Cradock JA, Young AS, Yano EM, Wang M, Lee ML. Evaluating the Impact of Mental Illness on Medical Care Access. Paper presented at: VA HSR&D National Meeting; 2002 Feb 1; Washington, DC.




Abstract:

Objectives: Patients with serious mental illness (SMI) frequently have undetected or untreated medical needs (e.g., diabetes and hypertension), and mortality rates are much higher than in the general population. While little is known regarding why this population is less likely to receive general medical care, potential contributing factors include psychiatric symptoms, difficulty verbalizing concerns, poor insight into their illnesses, and unwillingness to see a medical doctor. These can be challenging patients to treat, and a better understanding of this problem can inform interventions to improve their care. Methods: We examined access to medical care for veterans treated in VISN 22 during fiscal year 2000. Diagnostic, demographic and utilization data were obtained from the VA Outpatient Clinic files at Austin. Two multivariate regression models were developed. Model 1 examined factors affecting the intensity of treatment (number of visits). Model 2 examined lack of preventive care: factors affecting whether veterans over aged 50 received any medical care. Independent variables included psychiatric diagnosis (schizophrenia, bipolar, depression, anxiety, PTSD, substance abuse, no mental disorder), age, gender, marital status, race, GAF, service-connection level, income, and medical diagnoses.
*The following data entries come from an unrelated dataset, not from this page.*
theorem lemma3:
  fixes \<mu> :: "node \<Rightarrow> nat" and n :: nat and pos0 :: "nat \<Rightarrow> node" and \<phi> :: "node \<Rightarrow> node"
  assumes parking_finite: "finite {v. \<mu> v > 0}"
    and parking_nonempty: "{v. \<mu> v > 0} \<noteq> {}"
    and n_def: "n = (\<Sum>v\<in>{v. \<mu> v > 0}. \<mu> v)"
    and distinct_init: "inj_on pos0 {..<n}"
    and refl: "\<phi> \<in> grid_reflections"
    and parking_sym: "\<forall>v. \<mu> (\<phi> v) = \<mu> v"
    and unique_line: "\<forall>\<psi>\<in>grid_reflections. (\<forall>v. \<mu> (\<psi> v) = \<mu> v) \<longrightarrow> \<psi> = \<phi>"
    and config_sym: "\<forall>v. cnt n pos0 (\<phi> v) = cnt n pos0 v"
    and no_robot_on_axis: "\<forall>r<n. \<phi> (pos0 r) \<noteq> pos0 r"
    and parking_on_axis: "\<exists>p. \<phi> p = p \<and> \<mu> p > 0"
    and odd_cap: "\<exists>p. \<phi> p = p \<and> \<mu> p > 0 \<and> odd (\<mu> p)"
  shows "\<not> solvable \<mu> n pos0"
proof
  assume "solvable \<mu> n pos0"
  then obtain A
    where A: "\<And>fr sch. fair n sch \<Longrightarrow> \<exists>t. terminal A \<mu> n fr (exec A \<mu> n fr pos0 sch t)"
    unfolding solvable_def by blast
  note \<phi>_involutive = grid_reflection_involutive[OF refl]
  obtain L where \<phi>_vadd: "\<And>p w. \<phi> (vadd p w) = vadd (\<phi> p) (frame_apply L w)"
    and L_involutive: "\<And>v. frame_apply L (frame_apply L v) = v"
    using grid_reflection_frame[OF refl] by blast
  obtain p where p: "\<phi> p = p" "\<mu> p > 0" "odd (\<mu> p)" using odd_cap by blast
  have "\<mu> p \<le> n" unfolding n_def using p parking_finite by (intro member_le_sum) auto
  with p have "0 < n" by simp
  obtain \<sigma> where \<sigma>: "mirror_pairing n \<sigma> \<phi> pos0"
    using mirror_pairing_initial[OF distinct_init config_sym[rule_format]
        no_robot_on_axis[rule_format] \<phi>_involutive] by blast
  let ?fr = "mirror_frames \<sigma> L"
  obtain t where "terminal A \<mu> n ?fr (exec A \<mu> n ?fr pos0 (round_robin n) t)"
    using A fair_round_robin[OF \<open>0 < n\<close>] by blast
  then obtain m where filled: "cnt n (sync_pos A \<mu> n ?fr pos0 m) = \<mu>"
    using terminal_round_robin_sync[OF \<open>0 < n\<close>] by blast
  have "mirror_pairing n \<sigma> \<phi> (sync_pos A \<mu> n ?fr pos0 m)"
  proof (rule mirror_pairing_sync_pos[where \<phi> = \<phi> and L = L and \<mu> = \<mu>, OF
      \<phi>_involutive \<phi>_vadd parking_sym[rule_format] _ \<sigma>])
    fix r v
    assume "r < n"
    with \<sigma> show "frame_apply (?fr (\<sigma> r)) v = frame_apply L (frame_apply (?fr r) v)"
      by (intro mirror_frames_mirrored L_involutive) (auto simp: mirror_pairing_def)
  qed
  from even_cnt_on_axis[OF this p(1)] show False
    using filled p(3) by simp
qed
Results: Model 1 indicated that patients with each psychiatric diagnosis had less visits than those with no mental disorder (p < .0001). Patients with severe mental illness (schizophrenia and bipolar) were particularly unlikely to receive medical care (p < .0001). Medical visits were more frequent in veterans who were older, female, and had medical diagnoses. Model 2 found that patients aged 50 and older were less likely to have any medical care if they had substance abuse, depression, anxiety, bipolar disorder (p < .0001 for each), or PTSD (p = .03). There was no significant difference for schizophrenia (p = .70). Conclusions: Medical care is less likely for people with psychiatric disorders. This problem is particularly severe for young adults with schizophrenia and PTSD, and for adults with bipolar disorder across the age range. While interventions are needed to improve medical care, these interventions may need to differ according to the population being targeted. Impact statement: This informs the development and dissemination of interventions to improve medical care for veterans with mental illness.